5年ほど前、仕事のベースにしていたのは関西。その頃一緒に仕事していた京都出身の方に、京都のオススメのお寺はどこかと尋ねてみました。観光客であふれているようなお寺は除外してねと条件付きで。
少し考えての返答は大覚寺。
もう1人京都でホテル勤務経験のある人の答えも、面白いコトに同じ。
2人ともあんまり詳しくないんですと言われてましたが。ウーム。

後日、最初に質問した人から「父に聞きました」とお寺リストをもらいました。見てみると創建の古いお寺がいろいろ、もちろん大覚寺も。
ただしリストのトップは神護寺。

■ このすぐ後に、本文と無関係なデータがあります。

lemma framed_iff_letter: "framed w \<longleftrightarrow> 0 < length w \<and> letter w 1 \<and> \<not> letter w (length w)"
proof (cases w rule: rev_cases)
  case (snoc ys y)
  then show ?thesis
    by (cases ys) (simp_all add: framed_def nth_append letter_def)
qed (simp add: framed_def)

lemma framed_butlast: "framed w \<Longrightarrow> w = butlast w @ [False]"
  unfolding framed_def by (metis append_butlast_last_id)

lemma length_plus_word: "a \<noteq> [] \<Longrightarrow> length (plus_word a) = length a"
  by (simp add: plus_word_def)

lemma fundamental_framed:
  assumes "fundamental w"
  shows "framed w"
proof -
  let ?l = "length w"
  have l: "2 \<le> ?l" and "\<forall>i. 0 < i \<and> i < ?l \<longrightarrow> suffix_bounded w i"
    using assms by (simp_all add: fundamental_iff_suffix_bounded)
  then have "suffix_bounded w (?l - 1)" by simp
  moreover have "drop (?l - 1) w = [letter w ?l]" "take 1 w = [letter w 1]"
    using l by (simp_all add: drop_eq_word_of take_eq_word_of word_of_Suc)
  moreover have "?l - (?l - 1) = 1" using l by simp
  ultimately show ?thesis
    using l by (auto simp: suffix_bounded_def framed_iff_letter less_bool_def)
qed

section \<open>The composition as a block substitution\<close>

(* expand a c k is the inverse of Phi_a applied to the letters c 1, ..., c k, starting in vertex A
   if c 0 and in B otherwise: block u is a with its first |a| - 1 letters reflected if c u, and
   its last letter replaced by c (Suc u). *)

definition expand :: "word \<Rightarrow> (nat \<Rightarrow> bool) \<Rightarrow> nat \<Rightarrow> word" where
  "expand a c k = word_of (\<lambda>t. letter a (t mod length a) \<noteq> c (t div length a)) (k * length a)"

lemma length_expand [simp]: "length (expand a c k) = k * length a"
  by (simp add: expand_def)

lemma expand_Suc:
  assumes "framed a"
  shows "expand a c (Suc k) = map ((\<noteq>) (c 0)) (butlast a) @ c 1 # expand a (\<lambda>u. c (Suc u)) k"
proof -
  let ?m = "length a" and ?f = "\<lambda>t. letter a (t mod length a) \<noteq> c (t div length a)"
  have m: "2 \<le> ?m" using framed_length[OF assms] .
  then have m1: "Suc (?m - 1) = ?m" and m0: "?m \<noteq> 0" by auto
  have "expand a c (Suc k) = word_of ?f ?m @ word_of (\<lambda>t. ?f (?m + t)) (k * ?m)"
    by (simp add: expand_def word_of_add)
  also have "word_of ?f ?m = word_of ?f (?m - 1) @ [?f ?m]"
    using word_of_snoc[of ?f "?m - 1"] unfolding m1 by simp
  also have "word_of ?f (?m - 1) = map ((\<noteq>) (c 0)) (butlast a)"
    using m by (intro nth_equalityI) (auto simp: nth_butlast)
  also have "word_of (\<lambda>t. ?f (?m + t)) (k * ?m) = expand a (\<lambda>u. c (Suc u)) k"
    using m0 unfolding expand_def by (intro word_of_cong) (simp add: div_add_self1)
  finally show ?thesis using m0 by simp
qed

これは世代の違いでしょうか。

トーハクでの2025年最初の特別展は大覚寺展(予定)、現在開催中の特別展は神護寺展(2024年9月8日まで。別にトーハクの関係者ではありません)。
奇しくもザックリ同じ山で、上(神護寺)と麓(大覚寺)のお寺。


トーハクの神護寺展は入場者数10万人を超えたそうです(好評なのかどうかは不明)。noteにも記事があふれていますが、展示室はほぼ撮影不可のようなので、内容の差別化には文章力と多面的な視点が問われます。
残念ながら今の自分には、文章一本で勝負できるほどの能力は備わっておりません。そもそも神護寺展には行ってないし。

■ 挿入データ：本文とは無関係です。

lemma koenig_infinite_branch:
  fixes P :: "'a list \<Rightarrow> bool"
  assumes prefix_closed: "\<And>xs ys. P (xs @ ys) \<Longrightarrow> P xs"
    and finitely_branching: "\<And>xs. finite {y. P (xs @ [y])}"
    and unbounded: "\<And>n. \<exists>xs. length xs = n \<and> P xs"
  shows "\<exists>f. \<forall>n. P (map f [0..<n])"
proof -
  define extensible where "extensible xs \<longleftrightarrow> (\<forall>n. \<exists>ys. length ys = n \<and> P (xs @ ys))" for xs
  have extend: "\<exists>y. extensible (xs @ [y])" if ext: "extensible xs" for xs
  proof (rule ccontr)
    assume "\<nexists>y. extensible (xs @ [y])"
    then obtain bound where bound: "\<And>y. \<nexists>ys. length ys = bound y \<and> P (xs @ [y] @ ys)"
      unfolding extensible_def by (metis append.assoc)
    define N where "N = Max (bound ` {y. P (xs @ [y])})"
    obtain ys where ys: "length ys = Suc N" "P (xs @ ys)"
      using ext unfolding extensible_def by blast
    then obtain y zs where yzs: "ys = y # zs" by (cases ys) auto
    with ys have "P (xs @ [y])" using prefix_closed[of "xs @ [y]"] by simp
    then have "bound y \<le> N" unfolding N_def using finitely_branching by simp
    moreover have "P (xs @ [y] @ take (bound y) zs)"
      using ys yzs prefix_closed[of "xs @ [y] @ take (bound y) zs" "drop (bound y) zs"] by simp
    ultimately show False using bound[of y] ys yzs by simp
  qed
  have "\<exists>W. \<forall>n. (extensible (W n) \<and> length (W n) = n) \<and> (\<exists>y. W (Suc n) = W n @ [y])"
  proof (rule dependent_nat_choice)
    show "\<exists>xs. extensible xs \<and> length xs = 0"
      using unbounded unfolding extensible_def by auto
  qed (use extend in force)
  then obtain W where W: "\<And>n. extensible (W n)" "\<And>n. length (W n) = n"
    and W_Suc: "\<And>n. \<exists>y. W (Suc n) = W n @ [y]" by blast
  have "W n = map (\<lambda>i. last (W (Suc i))) [0..<n]" for n
  proof (induction n)
    case 0
    show ?case using W(2)[of 0] by simp
  next
    case (Suc n)
    show ?case using W_Suc[of n] Suc by auto
  qed
  moreover have "P (W n)" for n
    using W(1)[of n] unfolding extensible_def by fastforce
  ultimately show ?thesis by metis
qed

context
  fixes E :: "'a \<Rightarrow> 'a \<Rightarrow> bool"
  assumes finite_succ: "\<And>x. finite {y. E x y}"
begin

lemma finite_saws: "finite (saws E x n)"
proof (induction n)
  case (Suc n)
  show ?case
    by (rule finite_subset[OF saws_Suc_subset]) (auto intro: Suc finite_succ)
qed (simp add: saws_0)

lemma card_saws_Suc_le:
  "card (saws E x (Suc n)) \<le> (\<Sum>w\<in>saws E x n. card ({y. E (last w) y} - set w))"
proof -
  have fin: "finite (SIGMA w:saws E x n. {y. E (last w) y} - set w)"
    by (auto intro: finite_saws finite_succ)
  have "card (saws E x (Suc n))
      \<le> card ((\<lambda>(w, y). w @ [y]) ` (SIGMA w:saws E x n. {y. E (last w) y} - set w))"
    using fin by (intro card_mono saws_Suc_subset) auto
  also have "\<dots> \<le> card (SIGMA w:saws E x n. {y. E (last w) y} - set w)"
    using fin by (rule card_image_le)
  also have "\<dots> = (\<Sum>w\<in>saws E x n. card ({y. E (last w) y} - set w))"
    by (rule card_SigmaI) (auto intro: finite_saws finite_succ)
  finally show ?thesis .
qed

lemma card_saws_le:
  assumes sym: "\<And>x y. E x y \<Longrightarrow> E y x" and deg: "\<And>x. card {y. E x y} \<le> D"
  shows "card (saws E x (Suc n)) \<le> D * (D - 1) ^ n"
proof (induction n)
  case 0
  have "card (saws E x 1) \<le> card ({y. E x y} - {x})"
    using card_saws_Suc_le[of x 0] by (simp add: saws_0)
  also have "\<dots> \<le> D"
    using deg[of x] finite_succ[of x] by (meson card_Diff1_le order_trans)
  finally show ?case by simp
next
  case (Suc n)
  have "card ({y. E (last w) y} - set w) \<le> D - 1" if w: "w \<in> saws E x (Suc n)" for w
  proof -
    have len: "length w = Suc (Suc n)" and walk: "successively E w"
      using w by (auto simp: saws_def)
    have "last w = w ! Suc n" using len by (subst last_conv_nth) auto
    then have to_pred: "E (last w) (w ! n)"
      using successively_nth[OF walk, of n] len sym by simp
    have "card ({y. E (last w) y} - set w) \<le> card ({y. E (last w) y} - {w ! n})"
      using len by (intro card_mono) (auto intro: finite_succ)
    also have "\<dots> = card {y. E (last w) y} - 1"
      using to_pred by (intro card_Diff_singleton finite_succ) simp
    also have "\<dots> \<le> D - 1"
      using deg by (rule diff_le_mono)
    finally show ?thesis .
  qed
  then have "(\<Sum>w\<in>saws E x (Suc n). card ({y. E (last w) y} - set w))
      \<le> (\<Sum>w\<in>saws E x (Suc n). D - 1)"
    by (rule sum_mono)
  with card_saws_Suc_le[of x "Suc n"]
  have "card (saws E x (Suc (Suc n))) \<le> card (saws E x (Suc n)) * (D - 1)"
    by simp
  also have "\<dots> \<le> D * (D - 1) ^ n * (D - 1)"
    using Suc by (rule mult_right_mono) simp
  finally show ?case by (simp only: power_Suc2 mult.assoc)
qed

神護寺を地図で確認してみると、市街地からはそれほど離れていないとはいえ、結構な山の中。すぐそばには明恵上人と鳥獣戯画ちょうじゅうぎが図で知られる高山寺もあったので、流行り病が落ち着きはじめたころにみやこびとのオススメを思い出して足を運んでいます。
ここからは、神護寺展ではなく神護寺の記録です。


神護寺じんごじ

京都府京都市右京区梅ケ畑高雄町5

神護寺は和気清麻呂が創建した山城の高雄山寺と河内の神願寺(所在地不明)が合併してできた真言宗のお寺(清麻呂没後に子の真網まつな仲世なかよの要請によるもの)。正式名は神護国祚真言じんご こくそ しんごん

車で行ったのですが中心部から国道162号線を北西に。道沿いには駐車場がパッと見なさそうだったので、嵐山・高雄パークウェイの高雄側の駐車場を利用(ガラガラでした)。駐車場は清滝川をはさんだお寺の対岸(反対側)にあり、一旦川まで下りてそこからお寺まで上がるという高低差が2倍になる行程。ちょっとした山城攻め。
神護寺の麓にはホテルがありましたが、駐車場は有料で利用できたのかもしれません。(そもそも人があまりいなかった)
実は先に高山寺を拝観しています。こちらもけっこうな高低差。両方参拝したい方は、持久系の脚力が必要です。


清滝川を渡ります
谷からのスタート地点
神護寺本坊
パンフ 2022年版
和気公廟堂 お墓へはもう少し登ります


和気清麻呂という人

皇居の北東に建つ清麻呂さん(東京都千代田区)

和気清麻呂わけ きよまろ(733-799) は備前(岡山県和気町)の人。
当時、道鏡というお坊さんが天皇の寵愛を後ろ盾に皇位簒奪を計画。清麻呂さんは豊後(大分県)の宇佐神宮まで神託を確認しに行って簒奪計画を防いだ人(その経緯にはいろいろなドラマがあったようです)。
道鏡の失脚後に清麻呂さんは朝廷で出世しますが、平安京への遷都を進言・推進したことで知られてます。


少し神護寺を離れます。
護王神社(護法善神社から改称)はもともと神護寺(和気公廟堂の場所)にありましたが、明治期に京都御所の西側、現在地に遷座されています。

護王神社(京都市上京区)

護王神社は清麻呂さんと姉の広虫さんを祭る神社。
朝8時ごろ見学していると、出勤前にお参りされる方々がチラホラ。
イノシシと足腰御守が面白いなと思って写真を撮っていたのですが、神護寺に足を運んだコトでハナシが繋がります。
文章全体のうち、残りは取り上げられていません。